=== The task ===
Copy word for word, please, the lines of the entries below running from the one containing "fix v R assume" to the one containing "x) \<le> real", both ends included.

(Data extract)

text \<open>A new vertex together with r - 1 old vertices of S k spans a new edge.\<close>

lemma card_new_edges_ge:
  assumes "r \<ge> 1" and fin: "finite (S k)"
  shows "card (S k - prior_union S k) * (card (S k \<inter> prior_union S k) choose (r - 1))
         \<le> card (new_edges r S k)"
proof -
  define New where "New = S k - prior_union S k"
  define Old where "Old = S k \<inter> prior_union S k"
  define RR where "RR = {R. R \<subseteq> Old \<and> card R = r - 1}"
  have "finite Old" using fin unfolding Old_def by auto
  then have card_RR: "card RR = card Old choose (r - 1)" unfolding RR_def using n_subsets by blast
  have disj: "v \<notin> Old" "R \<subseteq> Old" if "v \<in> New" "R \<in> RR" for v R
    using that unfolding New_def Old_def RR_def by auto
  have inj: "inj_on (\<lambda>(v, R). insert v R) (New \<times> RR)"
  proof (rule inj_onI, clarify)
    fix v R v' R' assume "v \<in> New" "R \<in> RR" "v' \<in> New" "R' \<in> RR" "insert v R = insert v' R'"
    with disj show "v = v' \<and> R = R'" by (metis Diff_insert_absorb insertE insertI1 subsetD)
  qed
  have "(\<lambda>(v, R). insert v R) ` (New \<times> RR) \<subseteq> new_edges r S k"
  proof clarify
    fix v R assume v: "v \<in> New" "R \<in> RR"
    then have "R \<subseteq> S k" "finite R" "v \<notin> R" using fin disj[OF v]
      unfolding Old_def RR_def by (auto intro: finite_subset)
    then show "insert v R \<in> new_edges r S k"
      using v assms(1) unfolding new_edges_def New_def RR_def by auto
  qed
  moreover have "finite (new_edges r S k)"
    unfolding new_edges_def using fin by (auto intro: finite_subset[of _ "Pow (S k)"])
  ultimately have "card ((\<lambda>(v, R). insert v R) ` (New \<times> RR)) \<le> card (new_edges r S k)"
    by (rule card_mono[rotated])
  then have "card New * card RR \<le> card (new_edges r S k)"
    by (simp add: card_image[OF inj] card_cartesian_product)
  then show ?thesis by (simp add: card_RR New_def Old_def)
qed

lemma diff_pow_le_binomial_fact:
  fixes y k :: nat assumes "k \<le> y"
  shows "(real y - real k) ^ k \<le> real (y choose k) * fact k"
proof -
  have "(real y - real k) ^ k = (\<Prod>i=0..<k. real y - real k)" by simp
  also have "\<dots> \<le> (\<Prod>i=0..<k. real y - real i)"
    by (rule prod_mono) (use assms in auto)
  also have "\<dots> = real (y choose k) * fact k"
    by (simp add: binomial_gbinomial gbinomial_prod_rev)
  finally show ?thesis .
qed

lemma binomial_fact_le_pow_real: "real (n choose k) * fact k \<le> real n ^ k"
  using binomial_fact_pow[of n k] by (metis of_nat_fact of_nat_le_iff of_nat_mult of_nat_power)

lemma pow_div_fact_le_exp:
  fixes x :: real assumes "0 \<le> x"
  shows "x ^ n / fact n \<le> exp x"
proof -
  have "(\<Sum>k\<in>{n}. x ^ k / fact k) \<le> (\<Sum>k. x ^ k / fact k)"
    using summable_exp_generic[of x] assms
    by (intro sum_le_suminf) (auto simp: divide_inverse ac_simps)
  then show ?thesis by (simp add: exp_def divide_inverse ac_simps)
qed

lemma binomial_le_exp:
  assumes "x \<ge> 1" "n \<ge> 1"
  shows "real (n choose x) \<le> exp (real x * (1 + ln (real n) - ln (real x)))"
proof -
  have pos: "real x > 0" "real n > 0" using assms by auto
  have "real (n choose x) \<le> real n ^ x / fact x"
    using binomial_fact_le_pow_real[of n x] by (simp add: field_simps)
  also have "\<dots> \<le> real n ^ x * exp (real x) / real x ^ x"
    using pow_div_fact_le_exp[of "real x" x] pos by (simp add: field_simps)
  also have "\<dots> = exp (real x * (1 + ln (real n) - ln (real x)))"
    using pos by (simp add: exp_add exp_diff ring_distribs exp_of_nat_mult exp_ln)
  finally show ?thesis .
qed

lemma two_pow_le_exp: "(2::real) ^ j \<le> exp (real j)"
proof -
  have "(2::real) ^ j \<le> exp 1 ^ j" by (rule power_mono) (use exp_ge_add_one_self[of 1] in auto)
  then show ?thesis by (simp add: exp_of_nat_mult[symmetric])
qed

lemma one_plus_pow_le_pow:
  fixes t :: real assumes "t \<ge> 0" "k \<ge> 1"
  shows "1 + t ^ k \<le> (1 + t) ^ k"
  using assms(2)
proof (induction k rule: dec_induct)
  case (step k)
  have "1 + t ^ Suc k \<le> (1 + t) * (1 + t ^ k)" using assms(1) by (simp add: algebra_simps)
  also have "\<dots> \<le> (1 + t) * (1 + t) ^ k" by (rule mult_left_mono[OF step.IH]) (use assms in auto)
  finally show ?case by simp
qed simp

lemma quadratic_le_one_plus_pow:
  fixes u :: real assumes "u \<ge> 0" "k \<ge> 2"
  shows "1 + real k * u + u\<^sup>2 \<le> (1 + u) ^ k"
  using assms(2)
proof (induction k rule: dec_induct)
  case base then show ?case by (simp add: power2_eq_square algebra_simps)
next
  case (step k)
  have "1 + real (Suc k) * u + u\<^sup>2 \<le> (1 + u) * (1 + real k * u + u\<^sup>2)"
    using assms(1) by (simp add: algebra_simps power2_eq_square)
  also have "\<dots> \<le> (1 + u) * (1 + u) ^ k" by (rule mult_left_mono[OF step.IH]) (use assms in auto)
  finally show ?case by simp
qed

(End Data extract)

=== Result for this task ===
    fix v R assume v: "v \<in> New" "R \<in> RR"
    then have "R \<subseteq> S k" "finite R" "v \<notin> R" using fin disj[OF v]
      unfolding Old_def RR_def by (auto intro: finite_subset)
    then show "insert v R \<in> new_edges r S k"
      using v assms(1) unfolding new_edges_def New_def RR_def by auto
  qed
  moreover have "finite (new_edges r S k)"
    unfolding new_edges_def using fin by (auto intro: finite_subset[of _ "Pow (S k)"])
  ultimately have "card ((\<lambda>(v, R). insert v R) ` (New \<times> RR)) \<le> card (new_edges r S k)"
    by (rule card_mono[rotated])
  then have "card New * card RR \<le> card (new_edges r S k)"
    by (simp add: card_image[OF inj] card_cartesian_product)
  then show ?thesis by (simp add: card_RR New_def Old_def)
qed

lemma diff_pow_le_binomial_fact:
  fixes y k :: nat assumes "k \<le> y"
  shows "(real y - real k) ^ k \<le> real (y choose k) * fact k"
proof -
  have "(real y - real k) ^ k = (\<Prod>i=0..<k. real y - real k)" by simp
  also have "\<dots> \<le> (\<Prod>i=0..<k. real y - real i)"
    by (rule prod_mono) (use assms in auto)
  also have "\<dots> = real (y choose k) * fact k"
    by (simp add: binomial_gbinomial gbinomial_prod_rev)
  finally show ?thesis .
qed

lemma binomial_fact_le_pow_real: "real (n choose k) * fact k \<le> real n ^ k"
  using binomial_fact_pow[of n k] by (metis of_nat_fact of_nat_le_iff of_nat_mult of_nat_power)

lemma pow_div_fact_le_exp:
  fixes x :: real assumes "0 \<le> x"
  shows "x ^ n / fact n \<le> exp x"
proof -
  have "(\<Sum>k\<in>{n}. x ^ k / fact k) \<le> (\<Sum>k. x ^ k / fact k)"
    using summable_exp_generic[of x] assms
    by (intro sum_le_suminf) (auto simp: divide_inverse ac_simps)
  then show ?thesis by (simp add: exp_def divide_inverse ac_simps)
qed

lemma binomial_le_exp:
  assumes "x \<ge> 1" "n \<ge> 1"
  shows "real (n choose x) \<le> exp (real x * (1 + ln (real n) - ln (real x)))"
proof -
  have pos: "real x > 0" "real n > 0" using assms by auto
  have "real (n choose x) \<le> real n ^ x / fact x"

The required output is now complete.